# DIRECTIONS FOR THIS TASK
Go through the data below. List every line that holds the word "indexed".

(Data excerpts)
(* There exist constants $\beta\in(0,1)$, $C>0$ and $c>0$ such that for every $m>0$, every odd $n\ge5$, every $\epsilon\in(0,1)$ with $n\epsilon\ge C$, and every $\epsilon$-differentially private mechanism $\mathcal{M}:V^n\to V$, there is some $D\in\mathcal{CTM}$ with $$\mathrm{SWDIFF}(D,\mathcal{M}(D))\ge c\,\frac{m}{n\epsilon^2}\left(\ln\frac1\beta\right)^2$$ with probability at least $\beta$.
   Context: $V=[-m/2,m/2]$. A dataset is $D=(x_1,\dots,x_n)\in V^n$ (a multiset), indexed so that $x_1\le\dots\le x_n$, with median (optimal location) $\mathcal{T}(D)=x_{\lceil n/2\rceil}$. $\mathrm{SWDIFF}(D,\ell)=\sum_{i=1}^n|x_i-\ell|-\sum_{i=1}^n|x_i-\mathcal{T}(D)|$. $\mathcal{CTM}$ is the set of datasets with $|x_{i+1}-x_i|\ge|x_{j+1}-x_j|$ for all $1\le i<j\le\lceil n/2\rceil-1$ and $|x_i-x_{i-1}|\ge|x_j-x_{j-1}|$ for all $\lceil n/2\rceil+1\le j<i\le n$. Two datasets are neighboring if, as multisets, they differ in exactly one element; $\mathcal{M}$ is $\epsilon$-differentially private if $\Pr[\mathcal{M}(D)\in S]\le e^{\epsilon}\Pr[\mathcal{M}(D')\in S]$ for all neighboring $D,D'$ and measurable $S\subseteq V$. *)

theory Defs
  imports "HOL-Probability.Probability" "HOL-Library.Multiset"
begin

definition Vdom :: "real \<Rightarrow> real set" where
  "Vdom m = {-m/2 .. m/2}"

definition datasets :: "real \<Rightarrow> nat \<Rightarrow> real multiset set" where
  "datasets m n = {D. size D = n \<and> set_mset D \<subseteq> Vdom m}"

text \<open>The i-th smallest element, 1-indexed: x_i.\<close>
definition xs :: "real multiset \<Rightarrow> nat \<Rightarrow> real" where
  "xs D i = sorted_list_of_multiset D ! (i - 1)"

definition median_loc :: "real multiset \<Rightarrow> real" where
  "median_loc D = xs D (nat \<lceil>real (size D) / 2\<rceil>)"

definition SWDIFF :: "real multiset \<Rightarrow> real \<Rightarrow> real" where
  "SWDIFF D l = (\<Sum>x\<in>#D. \<bar>x - l\<bar>) - (\<Sum>x\<in>#D. \<bar>x - median_loc D\<bar>)"

definition CTM :: "real multiset set" where
  "CTM = {D. let n = size D; k = nat \<lceil>real n / 2\<rceil> in
      (\<forall>i j. 1 \<le> i \<and> i < j \<and> j \<le> k - 1 \<longrightarrow>
          \<bar>xs D (i+1) - xs D i\<bar> \<ge> \<bar>xs D (j+1) - xs D j\<bar>) \<and>
      (\<forall>i j. k + 1 \<le> j \<and> j < i \<and> i \<le> n \<longrightarrow>
          \<bar>xs D i - xs D (i-1)\<bar> \<ge> \<bar>xs D j - xs D (j-1)\<bar>)}"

# RESPONSE FOR THIS EXERCISE
   Context: $V=[-m/2,m/2]$. A dataset is $D=(x_1,\dots,x_n)\in V^n$ (a multiset), indexed so that $x_1\le\dots\le x_n$, with median (optimal location) $\mathcal{T}(D)=x_{\lceil n/2\rceil}$. $\mathrm{SWDIFF}(D,\ell)=\sum_{i=1}^n|x_i-\ell|-\sum_{i=1}^n|x_i-\mathcal{T}(D)|$. $\mathcal{CTM}$ is the set of datasets with $|x_{i+1}-x_i|\ge|x_{j+1}-x_j|$ for all $1\le i<j\le\lceil n/2\rceil-1$ and $|x_i-x_{i-1}|\ge|x_j-x_{j-1}|$ for all $\lceil n/2\rceil+1\le j<i\le n$. Two datasets are neighboring if, as multisets, they differ in exactly one element; $\mathcal{M}$ is $\epsilon$-differentially private if $\Pr[\mathcal{M}(D)\in S]\le e^{\epsilon}\Pr[\mathcal{M}(D')\in S]$ for all neighboring $D,D'$ and measurable $S\subseteq V$. *)
text \<open>The i-th smallest element, 1-indexed: x_i.\<close>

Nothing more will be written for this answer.